I'll let people put a bent on it either way, but its an interesting factor of human nature.


I agree with that. My wife and I don't earn massive money but we do ok and we have just started building a new house. It is nothing like I thought I would want when I was younger. We invested in more land and built a much smaller home.

Previously we had lived (rented) in everything from a 7 bedroom house to more recently a small 2 bedroom apartment. When I was growing up I literally lived in 3 rooms in my house, my bedroom, the kitchen and the family room. When we were planning our house we were like do we really need two lounges, 4 bedrooms etc and the simple answer was no.

When it really boiled down to what we needed we realised we would save money and have much more spare to do the things we wanted over the course of our mortgage. It also means our repayments will be less than what we paid in rent and should stay that way for some time.

Bit of an OT spiel but I feel so many houses these days are so big for what people really need. Of course this is all my opinion and my experiences. Everyone values are different... 

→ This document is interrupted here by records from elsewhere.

(* Fix a positive integer $k$. Then the sequence $(\Gamma(n^k,(n+1)^k))_{n\ge 1}$ is eventually $1,2,1,2,\ldots$ (alternating between $1$ and $2$). More precisely, let $g(x)$ be the remainder of the polynomial $\left(\sum_{i=1}^k x^{i-1}\right)^k$ upon division by $x^k$ (i.e., the sum of its terms of degree less than $k$). When $k$ is odd, let $M_k$ be the smallest positive integer such that $0<n^k-g(n)<n^k$ and $0<g(-n)<n^k$ for all integers $n\ge M_k$; when $k$ is even, let $M_k$ be the smallest positive integer such that $0<n^k+g(-n)<n^k$ and $0<g(n)<n^k$ for all integers $n\ge M_k$. Then the sequence $(\Gamma(n^k,(n+1)^k))_{n\ge 1}$ alternates between $1$ and $2$ from some index $n\le M_k+1$ onward.
   Context: For relatively prime positive integers $p,q$, exactly one of the equations $px+qy=\frac{(p-1)(q-1)}{2}$ (Equation 1) and $px+qy+1=\frac{(p-1)(q-1)}{2}$ (Equation 2) has a solution in nonnegative integers $(x,y)$. For positive integers $a,b$ with $d=\gcd(a,b)$, $\Gamma(a,b)=1$ if Equation 1 with $(p,q)=(a/d,b/d)$ has a nonnegative integer solution, and $\Gamma(a,b)=2$ otherwise. *)

theory Defs
  imports Main "HOL-Computational_Algebra.Polynomial"
begin

definition Gamma :: "nat \<Rightarrow> nat \<Rightarrow> nat" where
  "Gamma a b = (let d = gcd a b; p = a div d; q = b div d in
     if (\<exists>x y :: nat. p * x + q * y = (p - 1) * (q - 1) div 2) then 1 else 2)"

definition gpoly :: "nat \<Rightarrow> int poly" where
  "gpoly k = (\<Sum>i<k. monom 1 i) ^ k"

definition g :: "nat \<Rightarrow> int \<Rightarrow> int" where
  "g k x = (\<Sum>i<k. coeff (gpoly k) i * x ^ i)"

definition Mcond :: "nat \<Rightarrow> nat \<Rightarrow> bool" where
  "Mcond k M = (0 < M \<and> (\<forall>n::int. n \<ge> int M \<longrightarrow>
     (if odd k then 0 < n ^ k - g k n \<and> n ^ k - g k n < n ^ k \<and> 0 < g k (-n) \<and> g k (-n) < n ^ k
      else 0 < n ^ k + g k (-n) \<and> n ^ k + g k (-n) < n ^ k \<and> 0 < g k n \<and> g k n < n ^ k)))"

definition Mk :: "nat \<Rightarrow> nat" where
  "Mk k = (LEAST M. Mcond k M)"

end
lemma pmf_swap_instance_ge:
  assumes "0 < p" "p < 1/2" "x \<in> {1..n}" "y \<in> {1..n}" "x < y" "\<omega> \<in> instances n"
  shows "(p / (1 - p)) ^ (2 * (y - x) - 1) * pmf (pair_pmf (input_pmf n) (noise_pmf n p)) \<omega>
         \<le> pmf (pair_pmf (input_pmf n) (noise_pmf n p)) (swap_instance n x y \<omega>)"
proof -
  obtain \<pi> flip where \<omega>: "\<omega> = (\<pi>, flip)" and \<pi>: "\<pi> permutes {1..n}"
    and flip: "\<And>q. q \<notin> pairs n \<Longrightarrow> \<not> flip q"
    using assms(6) by (auto simp: instances_def)
  have "pmf (input_pmf n) (Transposition.transpose x y \<circ> \<pi>) = pmf (input_pmf n) \<pi>"
    using \<pi> permutes_compose[OF \<pi> permutes_swap_id[OF assms(3,4)]] by (simp add: pmf_input_pmf)
  then show ?thesis
    using pmf_noise_swap_noise_ge[OF assms(1-5) flip]
    by (simp add: \<omega> swap_instance_def pmf_pair mult.left_commute mult_left_mono)
qed

lemma conditional_error_swap_instance:
  assumes "x \<in> {1..n}" "y \<in> {1..n}" "x \<noteq> y" "\<omega> \<in> instances n"
    and "\<And>T out. out \<in> set_pmf (A T) \<Longrightarrow> distinct out \<and> set out = {1..n}"
  shows "conditional_error n A x y (swap_instance n x y \<omega>) = 1 - conditional_error n A x y \<omega>"
proof -
  obtain \<pi> flip where \<omega>: "\<omega> = (\<pi>, flip)" and \<pi>: "\<pi> permutes {1..n}"
    using assms(4) by (auto simp: instances_def)
  have "wrong_order (map (Transposition.transpose x y \<circ> \<pi>) out) x y \<longleftrightarrow> \<not> wrong_order (map \<pi> out) x y"
    if "out \<in> set_pmf (A (observed n \<pi> flip))" for out
  proof -
    have "distinct (map \<pi> out)" "set (map \<pi> out) = {1..n}"
      using assms(5)[OF that] permutes_inj_on[OF \<pi>] permutes_image[OF \<pi>] by (auto simp: distinct_map)
    then show ?thesis
      unfolding map_map[symmetric] using assms(1-3) by (intro wrong_order_map_transpose) auto
  qed
  then show ?thesis
    unfolding \<omega> conditional_error_def swap_instance_def
    by (simp add: observed_swap_noise[OF assms(1,2) \<pi>] pmf_map_pmf_True_complement)
qed

lemma error_prob_eq_expectation:
  "error_prob n p A x y
     = measure_pmf.expectation (pair_pmf (input_pmf n) (noise_pmf n p)) (conditional_error n A x y)"
proof -
  have "error_prob n p A x y
      = pmf (pair_pmf (input_pmf n) (noise_pmf n p) \<bind>
          (\<lambda>(\<pi>, flip). map_pmf (\<lambda>out. wrong_order (map \<pi> out) x y) (A (observed n \<pi> flip)))) True"
    by (simp add: error_prob_def measure_pmf_single pair_pmf_def map_pmf_def bind_assoc_pmf bind_return_pmf)
  then show ?thesis
    by (simp add: pmf_bind conditional_error_def case_prod_beta')
qed

theorem lemma6p1:
  fixes n x y :: nat and p :: real
    and A :: "(nat \<Rightarrow> nat \<Rightarrow> bool) \<Rightarrow> nat list pmf"
  assumes "0 < p" and "p < 1/2"
    and "x \<in> {1..n}" and "y \<in> {1..n}" and "x < y"
    and "\<And>T out. out \<in> set_pmf (A T) \<Longrightarrow> distinct out \<and> set out = {1..n}"
  shows "error_prob n p A x y \<ge> (1/2) * (p / (1 - p)) ^ (2 * (y - x) - 1)"
proof -
  define r where "r = (p / (1 - p)) ^ (2 * (y - x) - 1)"
  have "r * (1 - error_prob n p A x y) \<le> error_prob n p A x y"
    unfolding error_prob_eq_expectation r_def
  proof (rule expectation_ge_by_weighted_involution[OF finite_instances set_pmf_instances_subset])
    fix \<omega> assume \<omega>: "\<omega> \<in> instances n"
    show "swap_instance n x y \<omega> \<in> instances n"
      by (rule swap_instance_in_instances[OF assms(3,4) \<omega>])
    show "swap_instance n x y (swap_instance n x y \<omega>) = \<omega>"
      by (rule swap_instance_swap_instance[OF assms(3,4) \<omega>])
    show "(p / (1 - p)) ^ (2 * (y - x) - 1) * pmf (pair_pmf (input_pmf n) (noise_pmf n p)) \<omega>
        \<le> pmf (pair_pmf (input_pmf n) (noise_pmf n p)) (swap_instance n x y \<omega>)"
      by (rule pmf_swap_instance_ge[OF assms(1-5) \<omega>])
    show "conditional_error n A x y (swap_instance n x y \<omega>) = 1 - conditional_error n A x y \<omega>"
      using assms(3-5) \<omega> assms(6) by (intro conditional_error_swap_instance) auto
    show "conditional_error n A x y \<omega> \<le> 1"
      by (simp add: conditional_error_def case_prod_beta' pmf_le_1)
  qed
  moreover have "r * error_prob n p A x y \<le> error_prob n p A x y"
    using assms(1,2) by (intro mult_left_le_one_le) (auto simp: r_def error_prob_def power_le_one)
  ultimately show ?thesis
    unfolding r_def[symmetric] right_diff_distrib by linarith
qed

end
(* Let $n\ge1$, $N=2^n$. For every 4-round affine key-schedule $(\omega,\gamma)$ there exists a distinguisher $D$ making $0$ queries to the round functions and $4$ queries to the related-key oracle such that, for any four functions $f_1,f_2,f_3,f_4:\{0,1\}^n\to\{0,1\}^n$, $$\mathbf{Adv}^{\oplus\text{-rka}}_{\mathsf{KAFw}^{\vec f,(\omega,\gamma)}}(D)\ge 1-\frac{1}{N^2-1},$$ where $\vec f=(f_1,f_2,f_3,f_4)$.
   Context: Identify $\{0,1\}^n$ with $\mathbb{F}_2^n$; $X\|Y$ denotes concatenation. A $t$-round affine key-schedule $(\omega,\gamma)$ is given by $n\times n$ matrices $M^{(w)}_0,\dots,M^{(w)}_3,M_1,\dots,M_t$ over $\mathbb{F}_2$ and constants $C^{(w)}_0,\dots,C^{(w)}_3,C_1,\dots,C_t\in\mathbb{F}_2^n$, with $\omega_i(k)=M^{(w)}_i\cdot k\oplus C^{(w)}_i$ ($i=0,\dots,3$) and $\gamma_j(k)=M_j\cdot k\oplus C_j$ ($j=1,\dots,t$). For $f:\{0,1\}^n\to\{0,1\}^n$ and $\kappa\in\{0,1\}^n$ let $\Psi^f_\kappa(W_L\|W_R)=W_R\|(W_L\oplus f(\kappa\oplus W_R))$. For functions $\vec f=(f_1,\dots,f_t)$ define the $t$-round cipher with key $k$: $\mathsf{KAFw}^{\vec f,(\omega,\gamma)}_k(W)=(\omega_2(k)\|\omega_3(k))\oplus\Psi^{f_t}_{\gamma_t(k)}\circ\cdots\circ\Psi^{f_1}_{\gamma_1(k)}\big((\omega_0(k)\|\omega_1(k))\oplus W\big)$. For a blockcipher $E$ ($n$-bit keys, $2n$-bit blocks) and key $k$, $\mathsf{RK}[E_k]$ maps $(\Delta,LR)\mapsto E_{k\oplus\Delta}(LR)$ and its inverse maps $(\Delta,ST)\mapsto E^{-1}_{k\oplus\Delta}(ST)$. For a distinguisher $D$ with two-sided access to the related-key oracle and access to $\vec f$, $\mathbf{Adv}^{\oplus\text{-rka}}_{\mathsf{KAFw}^{\vec f,(\omega,\gamma)}}(D)=\big|\Pr_{\mathsf{IC},k}[D^{\mathsf{RK}[\mathsf{IC}_k],\vec f}=1]-\Pr_k[D^{\mathsf{RK}[\mathsf{KAFw}^{\vec f,(\omega,\gamma)}_k],\vec f}=1]\big|$, where $k$ is uniform in $\{0,1\}^n$ and $\mathsf{IC}$ is a uniformly random blockcipher with $2n$-bit blocks and $n$-bit keys. *)

theory Defs
  imports "HOL-Probability.Probability" "HOL-Library.Z2"
begin

text \<open>F_2^n is modelled as bit ^ 'n (n = CARD('n)); XOR is +.
  A 2n-bit block W_L || W_R is modelled as the pair (W_L, W_R).\<close>

type_synonym 'n key = "bit ^ 'n"
type_synonym 'n block = "(bit ^ 'n) \<times> (bit ^ 'n)"
type_synonym 'n rf = "bit ^ 'n \<Rightarrow> bit ^ 'n"

definition xorb :: "'n::finite block \<Rightarrow> 'n block \<Rightarrow> 'n block" where
  "xorb X Y = (fst X + fst Y, snd X + snd Y)"

definition Psi :: "'n::finite rf \<Rightarrow> 'n key \<Rightarrow> 'n block \<Rightarrow> 'n block" where
  "Psi f \<kappa> W = (snd W, fst W + f (\<kappa> + snd W))"

definition aff :: "bit ^ 'n ^ 'n \<Rightarrow> bit ^ 'n \<Rightarrow> 'n::finite key \<Rightarrow> bit ^ 'n" where
  "aff M C k = M *v k + C"

fun rounds :: "'n::finite rf list \<Rightarrow> (nat \<Rightarrow> bit ^ 'n ^ 'n) \<Rightarrow> (nat \<Rightarrow> bit ^ 'n)
    \<Rightarrow> 'n key \<Rightarrow> nat \<Rightarrow> 'n block \<Rightarrow> 'n block" where
  "rounds fs M C k 0 W = W"
| "rounds fs M C k (Suc j) W =
     Psi (fs ! j) (aff (M (Suc j)) (C (Suc j)) k) (rounds fs M C k j W)"

text \<open>KAFw^{f,(omega,gamma)}_k with t = length fs rounds;
  Mw, Cw give omega_0..omega_3, M, C give gamma_1..gamma_t.\<close>
definition KAFw :: "'n::finite rf list \<Rightarrow> (nat \<Rightarrow> bit ^ 'n ^ 'n) \<Rightarrow> (nat \<Rightarrow> bit ^ 'n)
    \<Rightarrow> (nat \<Rightarrow> bit ^ 'n ^ 'n) \<Rightarrow> (nat \<Rightarrow> bit ^ 'n) \<Rightarrow> 'n key \<Rightarrow> 'n block \<Rightarrow> 'n block" where
  "KAFw fs Mw Cw M C k W =
     xorb (aff (Mw 2) (Cw 2) k, aff (Mw 3) (Cw 3) k)
       (rounds fs M C k (length fs) (xorb (aff (Mw 0) (Cw 0) k, aff (Mw 1) (Cw 1) k) W))"

text \<open>A related-key query: (forward?, Delta, block). Forward queries (True, Delta, LR)
  return E_{k xor Delta}(LR); inverse queries (False, Delta, ST) return E^{-1}_{k xor Delta}(ST).\<close>
type_synonym 'n query = "bool \<times> 'n key \<times> 'n block"

definition RK :: "('n::finite key \<Rightarrow> 'n block \<Rightarrow> 'n block) \<Rightarrow> 'n key \<Rightarrow> 'n query \<Rightarrow> 'n block" where
  "RK E k q = (case q of (fwd, \<Delta>, X) \<Rightarrow>
      if fwd then E (k + \<Delta>) X else inv (E (k + \<Delta>)) X)"

text \<open>An adaptive distinguisher with no access to the round functions:
  a query strategy (next query as a function of the answers so far) and
  a final decision (output 1 = True) as a function of all answers.\<close>
type_synonym 'n distinguisher = "('n block list \<Rightarrow> 'n query) \<times> ('n block list \<Rightarrow> bool)"

fun answers :: "('n::finite query \<Rightarrow> 'n block) \<Rightarrow> ('n block list \<Rightarrow> 'n query) \<Rightarrow> nat \<Rightarrow> 'n block list" where
  "answers Orc Q 0 = []"
| "answers Orc Q (Suc m) = (let as = answers Orc Q m in as @ [Orc (Q as)])"

definition run :: "nat \<Rightarrow> 'n::finite distinguisher \<Rightarrow> ('n query \<Rightarrow> 'n block) \<Rightarrow> bool" where
  "run q D Orc = snd D (answers Orc (fst D) q)"

definition ideal_ciphers :: "('n::finite key \<Rightarrow> 'n block \<Rightarrow> 'n block) set" where
  "ideal_ciphers = {E. \<forall>\<kappa>. bij (E \<kappa>)}"

definition adv_rka :: "nat \<Rightarrow> 'n::finite distinguisher \<Rightarrow> ('n key \<Rightarrow> 'n block \<Rightarrow> 'n block) \<Rightarrow> real" where
  "adv_rka q D Enc =
     \<bar>measure_pmf.prob (pmf_of_set (ideal_ciphers \<times> (UNIV :: 'n key set)))
         {(E, k). run q D (RK E k)}
      - measure_pmf.prob (pmf_of_set (UNIV :: 'n key set))
         {k. run q D (RK Enc k)}\<bar>"

end

theory Submission
  imports Defs "HOL-Combinatorics.Transposition"
begin

(* A Feistel round absorbs a key difference into the state:
   Psi_kappa (W + (a, b)) = Psi_(kappa + b) W + (b, a).  Under an affine key schedule the related
   key k + d shifts round key j by M_j d, so the halves P (whitening, rounds 1-2) and
   Q (rounds 3-4, whitening) of E_k = Q_k o P_k satisfy P_k (W + beta) = P_(k+d) W + delta and
   Q_k (m + delta') = Q_(k+d) m + alpha.  Hence the boomerang of related-key queries E_k 0,
   E_(k+d)^-1 (. + alpha), E_k (. + beta), E_(k+d)^-1 (. + alpha) surely returns to beta: after
   the second query if delta = delta', after the fourth otherwise.
   For an ideal cipher, acceptance fixes E_(k+d) beta to a value that does not change when
   E_(k+d) is composed with the transposition of beta and any y other than the preimage of
   E_k 0 + alpha.  This injects N^2 - 1 copies of the accepting ciphers into all ciphers. *)

type_synonym 'n cipher = "'n key \<Rightarrow> 'n block \<Rightarrow> 'n block"

lemma UNIV_bit: "(UNIV :: bit set) = {0, 1}"
  by (auto intro: bit.exhaust)

instance bit :: finite
  by standard (simp add: UNIV_bit)

lemma CARD_bit [simp]: "CARD(bit) = 2"
  by (simp add: UNIV_bit)

lemma bitvec_minus [simp]: "- (x :: bit ^ 'n) = x"
  by (simp add: vec_eq_iff)

lemma bitvec_add_self [simp]: "(x :: bit ^ 'n) + x = 0"
  by (metis bitvec_minus right_minus)

lemma bitvec_add_self_left [simp]: "(x :: bit ^ 'n) + (x + y) = y"
  by (simp add: add.assoc[symmetric])

lemma CARD_block: "CARD('n::finite block) = (2 ^ CARD('n))\<^sup>2"
  by (simp add: power2_eq_square)

lemma block_minus [simp]: "- (X :: 'n::finite block) = X"
  by (cases X) simp

lemma block_add_self [simp]: "(X :: 'n::finite block) + X = 0"
  by (metis block_minus right_minus)

lemma block_add_eq_iff: "(X :: 'n::finite block) + Z = Y \<longleftrightarrow> X = Y + Z"
  by (auto simp: add.assoc)

lemma xorb_eq_add: "xorb X Y = X + Y"
  by (cases X, cases Y) (simp add: xorb_def)

lemma aff_add: "aff A c (k + d) = aff A c k + A *v d"
  by (simp add: aff_def matrix_vector_right_distrib add_ac)

lemma Psi_add: "Psi f \<kappa> (W + (a, b)) = Psi f (\<kappa> + b) W + (b, a)"
  by (cases W) (simp add: Psi_def add_ac)

lemma Psi_Psi_add:
  "Psi g \<kappa>' (Psi f \<kappa> (W + (b, a))) = Psi g (\<kappa>' + b) (Psi f (\<kappa> + a) W) + (b, a)"
  by (simp add: Psi_add)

They very interesting thing about human nature is that thinking you are earning more than others is a better predictor of happiness than actual earnings.

BTW regarding the lorenz curve the full StatsNZ report (interesting reading) shows this and is discussed - they conclude it is a concave curve, typical of a developed country.  They also go into the personal wealth data by age, family status and ethnicity.  A big chunk of the people with zero or negative equity are in their 20's - maybe just graduated with a big student loan (me at 25), just started work with a car loan.

I would have been interested to see wealth against highest qualification.

For the CGT fans, are you happy to pay CGT every time the funds your kiwisaver is invested in sells property or shares?  Or are we just targeting residential rental properties?


Investiments and Kiwisaver are already taxed, CGT would not change that it would just mean you could catch those things that are not taxed like housing.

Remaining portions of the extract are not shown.